#### [Action item]
Pull each line holding the word "metis" from the data.

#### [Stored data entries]
>>>
(* For $k\ge4$ and $n>k(k-1)$, $$\frac{n^k-k^3n^{k-2}}{k^k-k}\le g_k(n)\le\frac{n^k-n}{k^k-k}.$$
   Context: The function $g_k$ is defined by: $g_k(s)=0$ for $0\le s<k$, and for $s\ge k\ge 3$, $g_k(s)=\max\left(\sum_{i=1}^k g_k(s_i)+\prod_{i=1}^k s_i\right)$, the maximum over all partitions $s_1+\dots+s_k=s$ into nonnegative integers with $s_i<s$ for each $i$. *)

theory Defs
  imports Complex_Main
begin

definition parts :: "nat \<Rightarrow> nat \<Rightarrow> nat list set" where
  "parts k s = {xs. length xs = k \<and> sum_list xs = s \<and> (\<forall>x\<in>set xs. x < s)}"

declare image_cong [fundef_cong]

function g :: "nat \<Rightarrow> nat \<Rightarrow> nat" where
  "g k s = (if s < k then 0
            else Max ((\<lambda>xs. sum_list (map (g k) xs) + prod_list xs) ` parts k s))"
  by pat_completeness auto
termination
  by (relation "measure snd") (auto simp: parts_def)

declare image_cong [fundef_cong del]

end

theory Submission
  imports Defs "HOL-Analysis.Analysis"
begin

text \<open>
  Upper bound: for nonnegative reals x_0, ..., x_(k-1),
  sum x_i^k + (k^k - k) prod x_i <= (sum x_i)^k.
  Expand the right-hand side over all k^k words over the alphabet {0..<k}. The k constant words
  give sum x_i^k. The cyclic shifts of the letters, i |-> (i + c) mod k for c < k, permute the
  non-constant words, and the k monomials of the shifts of one word multiply to (prod x_i)^k;
  by AM-GM they sum to at least k prod x_i, so the non-constant words contribute at least
  (k^k - k) prod x_i. Applied to an optimal partition this gives the upper bound by strong
  induction on n.

  Lower bound: write n = k q + r with r < k and take the balanced partition into r parts q + 1
  and k - r parts q. For f(t) = t^k - k^3 t^(k-2), strong induction reduces the claim to
  f(n) <= r f(q+1) + (k-r) f(q) + (k^k - k) (q+1)^r q^(k-r). With x = n/k, convexity of t^k gives
  k x^k <= r (q+1)^k + (k-r) q^k; the bounds ln(1+t) >= t - t^2 and ln(1-t) >= -t - 2t^2 give
  (q+1)^r q^(k-r) >= x^k - (k/2) x^(k-2); and the resulting error terms are absorbed by the
  slack k^3 n^(k-2) built into f.

  Neither bound needs the hypothesis n > k(k-1) of the theorem.
\<close>

section \<open>A power-sum inequality\<close>

lemma power_sum_eq_sum_PiE:
  fixes x :: "'a \<Rightarrow> 'b::comm_semiring_1"
  assumes "finite A"
  shows "(\<Sum>i\<in>A. x i) ^ n = (\<Sum>w\<in>{..<n} \<rightarrow>\<^sub>E A. \<Prod>j<n. x (w j))"
proof -
  have "(\<Sum>i\<in>A. x i) ^ n = (\<Prod>j<n. \<Sum>i\<in>A. x i)" by simp
  also have "\<dots> = (\<Sum>w\<in>{..<n} \<rightarrow>\<^sub>E A. \<Prod>j<n. x (w j))"
    by (rule prod_sum_PiE) (use assms in auto)
  finally show ?thesis .
qed

lemma add_mod_eq_add_mod_iff: "(a + c) mod k = (b + c) mod k \<longleftrightarrow> a mod k = b mod (k::nat)"
  by (simp add: nat_mod_eq_iff)

lemma bij_betw_endo_if_inj_on:
  assumes "finite A" "f ` A \<subseteq> A" "inj_on f A"
  shows "bij_betw f A A"
  using assms endo_inj_surj unfolding bij_betw_def by blast

lemma bij_betw_add_mod: "bij_betw (\<lambda>i. (i + c) mod k) {..<k} {..<k::nat}"
proof -
  have "inj_on (\<lambda>i. (i + c) mod k) {..<k}"
    by (auto simp: inj_on_def add_mod_eq_add_mod_iff)
  moreover have "(\<lambda>i. (i + c) mod k) ` {..<k} \<subseteq> {..<k}"
    by auto
  ultimately show ?thesis
    by (intro bij_betw_endo_if_inj_on) auto
qed

lemma prod_add_mod: "(\<Prod>i<k. f ((i + c) mod k)) = (\<Prod>i<k::nat. f i)"
  using prod.reindex_bij_betw[OF bij_betw_add_mod] .
context
  fixes K y0 :: nat and x :: "nat \<Rightarrow> nat \<Rightarrow> real" and beta :: "nat \<Rightarrow> real"
    and gamma alpha :: real
begin

definition logit_prob :: "(nat \<Rightarrow> nat) \<Rightarrow> nat \<Rightarrow> real" where
  "logit_prob y u = logistic (zidx K y0 y x beta gamma u + alpha)"

definition odds :: "(nat \<Rightarrow> nat) \<Rightarrow> nat \<Rightarrow> real" where
  "odds y u = exp (zidx K y0 y x beta gamma u + alpha)"

lemma odds_pos [simp]: "0 < odds y u" and odds_nonzero [simp]: "odds y u \<noteq> 0"
  and one_plus_odds_nonzero [simp]: "1 + odds y u \<noteq> 0"
  using add_pos_pos[OF zero_less_one, of "odds y u"] by (simp_all add: odds_def)

lemma logit_prob_eq_odds: "logit_prob y u = odds y u / (1 + odds y u)"
  by (simp add: logit_prob_def odds_def logistic_def)

lemma exp_zidx_diff: "exp (zidx K y0 y x beta gamma u - zidx K y0 y x beta gamma v) = odds y u / odds y v"
  by (simp add: odds_def exp_diff [symmetric])

lemma zidx_fun_upd: "i \<noteq> u - 1 \<Longrightarrow> zidx K y0 (y(i := b)) x beta gamma u = zidx K y0 y x beta gamma u"
  by (simp add: zidx_def lagy_def)

lemma odds_fun_upd [simp]: "i \<noteq> u - 1 \<Longrightarrow> odds (y(i := b)) u = odds y u"
  by (simp add: odds_def zidx_fun_upd)

lemma markov_logit_prob: "markov logit_prob"
  by (simp add: markov_def ignores_def logit_prob_def zidx_fun_upd)

lemma step_exp_logit_prob:
  "step_exp logit_prob u F y = (odds y u * F (y(u := 1)) + F (y(u := 0))) / (1 + odds y u)"
proof -
  have "1 - logit_prob y u = 1 / (1 + odds y u)"
    by (simp add: logit_prob_eq_odds field_simps)
  then show ?thesis
    by (simp add: step_exp_def logit_prob_eq_odds add_divide_distrib)
qed

lemma cprob_eq_prod_logit_prob:
  "cprob K T y0 x beta gamma alpha y
     = (\<Prod>u\<in>{1..T}. if y u = 1 then logit_prob y u else 1 - logit_prob y u)"
  unfolding cprob_def logit_prob_def Let_def ..

lemma sum_cprob_moment_eq_0:
  assumes "1 \<le> t" "t \<le> r" "r \<le> T"
    and "foldr (step_exp logit_prob) [t..<Suc r] M = (\<lambda>_. 0)"
    and "\<And>u. r < u \<Longrightarrow> ignores u M" and "\<And>u. t \<le> u \<Longrightarrow> ignores u W"
  shows "(\<Sum>y\<in>PiE {1..T} (\<lambda>_. {0, 1}). cprob K T y0 x beta gamma alpha y * (W y * M y)) = 0"
  unfolding cprob_eq_prod_logit_prob by (rule sum_paths_moment_eq_0[OF markov_logit_prob assms])
lemma pi_elem_pow_prime_eq_one:
  assumes A: "group A" and p: "Factorial_Ring.prime (p::nat)" "p \<notin> P"
    and y: "pi_elem A P y" "y \<in> carrier A" "y [^]\<^bsub>A\<^esub> p = \<one>\<^bsub>A\<^esub>"
  shows "y = \<one>\<^bsub>A\<^esub>"
proof -
  obtain m where m: "\<forall>r. Factorial_Ring.prime r \<longrightarrow> r dvd m \<longrightarrow> r \<in> P" "y [^]\<^bsub>A\<^esub> m = \<one>\<^bsub>A\<^esub>"
    using y(1) unfolding pi_elem_def by auto
  have "coprime p m" using m(1) p prime_imp_coprime by blast
  moreover have "group.ord A y dvd m" "group.ord A y dvd p"
    using group.pow_eq_id[OF A] y(2,3) m(2) by auto
  ultimately have "group.ord A y = 1" by (metis coprime_common_divisor_nat)
  then show ?thesis using group.ord_eq_1[OF A] y(2) by simp
qed

context
  fixes A :: "('a, 'b) monoid_scheme" (structure) and p :: nat
  assumes A: "group A" and p: "Factorial_Ring.prime p" and exp: "\<forall>x\<in>carrier A. x [^]\<^bsub>A\<^esub> p = \<one>\<^bsub>A\<^esub>"
begin

lemma pi_part_exponent_prime_trivial:
  assumes "a \<in> carrier A" "p \<notin> P"
  shows "pi_part A P a = \<one>\<^bsub>A\<^esub>"
proof -
  interpret group A by (fact A)
  show ?thesis
    unfolding pi_part_def
  proof (rule the_equality)
    show "\<one> \<in> carrier A \<and> pi_elem A P \<one> \<and> (\<exists>z\<in>carrier A. pi_elem A (- P) z \<and> a = \<one> \<otimes> z)"
      using pi_elem_one[OF A] pi_elem_if_pow_prime[OF p, of "-P" A] assms exp by auto
  qed (use pi_elem_pow_prime_eq_one[OF A p assms(2)] exp in blast)
qed

lemma pi_part_exponent_prime_self:
  assumes a: "a \<in> carrier A"
  shows "pi_part A {p} a = a"
proof -
  interpret group A by (fact A)
  show ?thesis
    unfolding pi_part_def
  proof (rule the_equality)
    show "a \<in> carrier A \<and> pi_elem A {p} a \<and> (\<exists>z\<in>carrier A. pi_elem A (- {p}) z \<and> a = a \<otimes> z)"
      using pi_elem_one[OF A] pi_elem_if_pow_prime[OF p, of "{p}" A] a exp
      by (auto intro!: bexI[of _ \<one>])
  next
    fix y assume "y \<in> carrier A \<and> pi_elem A {p} y \<and> (\<exists>z\<in>carrier A. pi_elem A (- {p}) z \<and> a = y \<otimes> z)"
    then obtain z where "y \<in> carrier A" "z \<in> carrier A" "pi_elem A (- {p}) z" "a = y \<otimes> z" by auto
    moreover have "z = \<one>" using pi_elem_pow_prime_eq_one[OF A p, of "- {p}" z] calculation exp by auto
    ultimately show "y = a" by simp
  qed
qed

lemma prime_notin_pi0:
  assumes "card (carrier A) = p * p"
  shows "p \<notin> pi0 A"
proof
  assume "p \<in> pi0 A"
  moreover have "sylow_part A p = carrier A"
    unfolding sylow_part_def using pi_elem_if_pow_prime[OF p, of "{p}" A] exp by auto
  ultimately have "cyclic_group A" unfolding pi0_def by auto
  then show False using not_cyclic_if_exponent_prime[OF A p exp assms] by simp
qed

end

lemma hA_nonneg: "hA A \<ge> 0"
proof -
  have "real r \<ge> 1" if "r \<in> primes_of A" for r
    using that prime_ge_1_nat unfolding primes_of_def by auto
  then show ?thesis
    unfolding hA_def by (intro divide_nonneg_nonneg sum_nonneg prod_nonneg) (auto intro: one_le_power)
qed

section \<open>Actions given pointwise\<close>

definition acts_on :: "('g, 'c) monoid_scheme \<Rightarrow> ('x \<Rightarrow> 'g \<Rightarrow> 'x) \<Rightarrow> 'x set \<Rightarrow> bool" where
  "acts_on G act S \<longleftrightarrow> (\<forall>x\<in>S. \<forall>g\<in>carrier G. act x g \<in> S) \<and> (\<forall>x\<in>S. act x \<one>\<^bsub>G\<^esub> = x) \<and>
     (\<forall>x\<in>S. \<forall>g\<in>carrier G. \<forall>h\<in>carrier G. act x (g \<otimes>\<^bsub>G\<^esub> h) = act (act x h) g)"

lemma acts_onD:
  assumes "acts_on G act S" "x \<in> S"
  shows acts_on_closed: "g \<in> carrier G \<Longrightarrow> act x g \<in> S"
    and acts_on_one: "act x \<one>\<^bsub>G\<^esub> = x"
    and acts_on_mult: "g \<in> carrier G \<Longrightarrow> h \<in> carrier G \<Longrightarrow> act x (g \<otimes>\<^bsub>G\<^esub> h) = act (act x h) g"
  using assms unfolding acts_on_def by blast+

lemma acts_on_subgroup:
  assumes "acts_on G act S" "subgroup H G"
  shows "acts_on (G\<lparr>carrier := H\<rparr>) act S"
  using assms(1) subgroup.subset[OF assms(2)] unfolding acts_on_def by (simp add: subset_iff)

lemma acts_on_cong:
  assumes G: "group G" and "acts_on G act S" "\<And>x g. x \<in> S \<Longrightarrow> g \<in> carrier G \<Longrightarrow> act' x g = act x g"
  shows "acts_on G act' S"
  using assms(2,3) group.is_monoid[OF G] unfolding acts_on_def by (simp add: monoid.one_closed monoid.m_closed)

context
  fixes G (structure) and act :: "'x \<Rightarrow> 'g \<Rightarrow> 'x" and S
  assumes G: "group G" and act: "acts_on G act S"
begin

lemma acts_on_inv_cancel:
  assumes x: "x \<in> S" and g: "g \<in> carrier G"
  shows "act (act x g) (inv g) = x" and "act (act x (inv g)) g = x"
proof -
  interpret group G by (fact G)
  show "act (act x g) (inv g) = x"
    using acts_on_mult[OF act x, of "inv g" g] acts_on_one[OF act x] g by simp
  show "act (act x (inv g)) g = x"
    using acts_on_mult[OF act x, of g "inv g"] acts_on_one[OF act x] g by simp
qed
lemma subgroup_cong:
  assumes "carrier G = carrier G'" "monoid.mult G = monoid.mult G'" "one G = one G'"
  shows "subgroup H G \<longleftrightarrow> subgroup H G'"
  using assms unfolding subgroup_def m_inv_def by simp

lemma (in cring) ideal_iff_subgroup_l_closed:
  "ideal H R \<longleftrightarrow> subgroup H (add_monoid R) \<and> (\<forall>a\<in>carrier R. \<forall>x\<in>H. a \<otimes> x \<in> H)"
proof
  assume "ideal H R"
  then show "subgroup H (add_monoid R) \<and> (\<forall>a\<in>carrier R. \<forall>x\<in>H. a \<otimes> x \<in> H)"
    by (simp add: additive_subgroup.a_subgroup ideal.axioms(1) ideal.I_l_closed)
next
  assume H: "subgroup H (add_monoid R) \<and> (\<forall>a\<in>carrier R. \<forall>x\<in>H. a \<otimes> x \<in> H)"
  then have "H \<subseteq> carrier R"
    using subgroup.subset by fastforce
  with H show "ideal H R"
    by (intro idealI ring_axioms) (auto simp: subset_iff, metis m_comm)
qed

lemma (in cring) submodule_ring_module_iff:
  "submodule H R (ring_module R) \<longleftrightarrow> ideal H R"
proof -
  have "subgroup H (add_monoid (ring_module R)) \<longleftrightarrow> subgroup H (add_monoid R)"
    by (rule subgroup_cong) (simp_all add: ring_module_def)
  then show ?thesis
    unfolding submodule_def submodule_axioms_def ideal_iff_subgroup_l_closed by auto
qed

lemma (in cring) submodule_ideal_module_iff:
  assumes "ideal I R"
  shows "submodule H R (ideal_module R I) \<longleftrightarrow> ideal H R \<and> H \<subseteq> I"
proof -
  have I: "subgroup I (add_monoid R)"
    using assms by (simp add: additive_subgroup.a_subgroup ideal.axioms(1))
  have "subgroup H (add_monoid (ideal_module R I)) \<longleftrightarrow> subgroup H ((add_monoid R)\<lparr>carrier := I\<rparr>)"
    by (rule subgroup_cong) (simp_all add: ideal_module_def ring_module_def)
  also have "\<dots> \<longleftrightarrow> subgroup H (add_monoid R) \<and> H \<subseteq> I"
    using add.subgroup_incl[OF _ I] add.incl_subgroup[OF I] subgroup.subset by fastforce
  finally show ?thesis
    unfolding submodule_def submodule_axioms_def ideal_iff_subgroup_l_closed by auto
qed

lemma carrier_FactRing: "carrier (R Quot I) = (\<lambda>x. I +>\<^bsub>R\<^esub> x) ` carrier R"
  by (auto simp add: FactRing_def A_RCOSETS_def')

lemma FactRing_mult_rcos:
  assumes "ideal I R" "a \<in> carrier R" "b \<in> carrier R"
  shows "(I +>\<^bsub>R\<^esub> a) \<otimes>\<^bsub>R Quot I\<^esub> (I +>\<^bsub>R\<^esub> b) = I +>\<^bsub>R\<^esub> (a \<otimes>\<^bsub>R\<^esub> b)"
  using ideal.rcoset_mult_add[OF assms] by (simp add: FactRing_def)

lemma (in cring) submodule_quotient_module_iff:
  assumes "ideal I R"
  shows "submodule H R (quotient_module R I) \<longleftrightarrow> ideal H (R Quot I)"
proof -
  have "subgroup H (add_monoid (quotient_module R I)) \<longleftrightarrow> subgroup H (add_monoid (R Quot I))"
    by (rule subgroup_cong) (simp_all add: quotient_module_def)
  then show ?thesis
    unfolding submodule_def submodule_axioms_def
      cring.ideal_iff_subgroup_l_closed[OF ideal.quotient_is_cring[OF assms cring_axioms]]
    by (auto simp: carrier_FactRing)
qed

lemma (in cring) ideal_colon_ideal:
  assumes "ideal K R" "r \<in> carrier R"
  shows "ideal (colon_ideal R K r) R"
proof -
  interpret K: ideal K R by fact
  have "subgroup (colon_ideal R K r) (add_monoid R)"
  proof (rule add.subgroupI)
    show "colon_ideal R K r \<noteq> {}"
      using assms(2) by (auto simp: colon_ideal_def intro!: exI[of _ \<zero>])
  next
    fix a b assume "a \<in> colon_ideal R K r" "b \<in> colon_ideal R K r"
    then show "\<ominus> a \<in> colon_ideal R K r" "a \<oplus> b \<in> colon_ideal R K r"
      using assms(2) by (auto simp: colon_ideal_def l_minus l_distr)
  qed (auto simp: colon_ideal_def)
  moreover have "a \<otimes> x \<in> colon_ideal R K r" if "a \<in> carrier R" "x \<in> colon_ideal R K r" for a x
    using that assms(2) K.I_l_closed by (auto simp: colon_ideal_def m_assoc)
  ultimately show ?thesis
    by (simp add: ideal_iff_subgroup_l_closed)
qed

lemma (in cring) ideal_chain_annihilator:
  assumes "\<And>n. ideal (N n) R"
  shows "ideal {a \<in> carrier R. \<forall>s\<ge>m. \<forall>x\<in>N m. a \<otimes> x \<in> N s} R"
proof -
  let ?S = "insert (carrier R) {colon_ideal R (N s) x | s x. m \<le> s \<and> x \<in> N m}"
  have "{a \<in> carrier R. \<forall>s\<ge>m. \<forall>x\<in>N m. a \<otimes> x \<in> N s} = \<Inter> ?S"
    by (auto simp: colon_ideal_def)
  moreover have "ideal (\<Inter> ?S) R"
    using assms ideal.Icarr[OF assms] ideal_colon_ideal oneideal by (intro i_Intersect) blast+
  ultimately show ?thesis
    by simp
qed

lemma gabriel_filter_ideal: "gabriel_filter R L \<Longrightarrow> J \<in> L \<Longrightarrow> ideal J R"
  unfolding gabriel_filter_def by blast

lemma gabriel_filter_upward_closed:
  "gabriel_filter R L \<Longrightarrow> J \<in> L \<Longrightarrow> ideal K R \<Longrightarrow> J \<subseteq> K \<Longrightarrow> K \<in> L"
  unfolding gabriel_filter_def by blast

lemma (in cring) gabriel_filter_products:
  assumes L: "gabriel_filter R L" and H: "H \<in> L" and J: "J \<in> L" and K: "ideal K R"
    and products: "\<And>t r. t \<in> H \<Longrightarrow> r \<in> J \<Longrightarrow> t \<otimes> r \<in> K"
  shows "K \<in> L"
proof -
  have "colon_ideal R K r \<in> L" if r: "r \<in> J" for r
  proof (rule gabriel_filter_upward_closed[OF L H])
    show "ideal (colon_ideal R K r) R"
      using ideal_colon_ideal[OF K ideal.Icarr[OF gabriel_filter_ideal[OF L J] r]] .
    show "H \<subseteq> colon_ideal R K r"
      using ideal.Icarr[OF gabriel_filter_ideal[OF L H]] products r
      by (auto simp: colon_ideal_def)
  qed
  with L J K show ?thesis
    unfolding gabriel_filter_def by blast
qed

lemma (in cring) mult_mem_of_kernel_and_quotient:
  assumes I: "ideal I R" and N: "ideal N R" and N': "ideal N' R" "N' \<subseteq> N"
    and x: "x \<in> N" and t: "t \<in> carrier R" and r: "r \<in> carrier R"
    and kernel: "\<forall>i\<in>N \<inter> I. t \<otimes> i \<in> N'"
    and quotient: "I +> (r \<otimes> x) \<in> (+>) I ` N'"
  shows "t \<otimes> r \<otimes> x \<in> N'"
proof -
  obtain y where y: "y \<in> N'" and rx_y: "I +> (r \<otimes> x) = I +> y"
    using quotient by blast
  have xc: "x \<in> carrier R" and yc: "y \<in> carrier R"
    using ideal.Icarr[OF N x] ideal.Icarr[OF N'(1) y] .
  have "r \<otimes> x \<ominus> y \<in> I"
    using quotient_eq_iff_same_a_r_cos[OF I _ yc] rx_y r xc by simp
  moreover have "r \<otimes> x \<ominus> y \<in> N"
    using N x y N'(2) r
    by (simp add: a_minus_def additive_subgroup.a_closed additive_subgroup.a_inv_closed
        ideal.axioms(1) ideal.I_l_closed subsetD)
  ultimately have "t \<otimes> (r \<otimes> x \<ominus> y) \<oplus> t \<otimes> y \<in> N'"
    using kernel ideal.I_l_closed[OF N'(1) y t] N'(1)
    by (simp add: additive_subgroup.a_closed ideal.axioms(1))
  also have "t \<otimes> (r \<otimes> x \<ominus> y) \<oplus> t \<otimes> y = t \<otimes> r \<otimes> x"
    using t r xc yc by algebra
  finally show ?thesis .
qed

lemma (in cring) totally_sigma_artinian_ideal_module:
  assumes I: "ideal I R" and tsa: "totally_sigma_artinian R L (ring_module R)"
  shows "totally_sigma_artinian R L (ideal_module R I)"
proof (rule totally_sigma_artinianI)
  fix N :: "nat \<Rightarrow> 'a set"
  assume N: "\<And>n. submodule (N n) R (ideal_module R I)" and chain: "\<And>n. N (Suc n) \<subseteq> N n"
  have "submodule (N n) R (ring_module R)" for n
    using N[of n] submodule_ideal_module_iff[OF I] submodule_ring_module_iff by blast
  with tsa obtain m h
    where "h \<in> L" "\<And>s a x. m \<le> s \<Longrightarrow> a \<in> h \<Longrightarrow> x \<in> N m \<Longrightarrow> a \<odot>\<^bsub>ring_module R\<^esub> x \<in> N s"
    using chain by (rule totally_sigma_artinianE) blast
  then show "\<exists>m. \<exists>h\<in>L. \<forall>s\<ge>m. \<forall>a\<in>h. \<forall>x\<in>N m. a \<odot>\<^bsub>ideal_module R I\<^esub> x \<in> N s"
    unfolding smult_ring_module smult_ideal_module by blast
qed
<<<
#### [Result of this task]
  ultimately have "group.ord A y = 1" by (metis coprime_common_divisor_nat)
    by (intro idealI ring_axioms) (auto simp: subset_iff, metis m_comm)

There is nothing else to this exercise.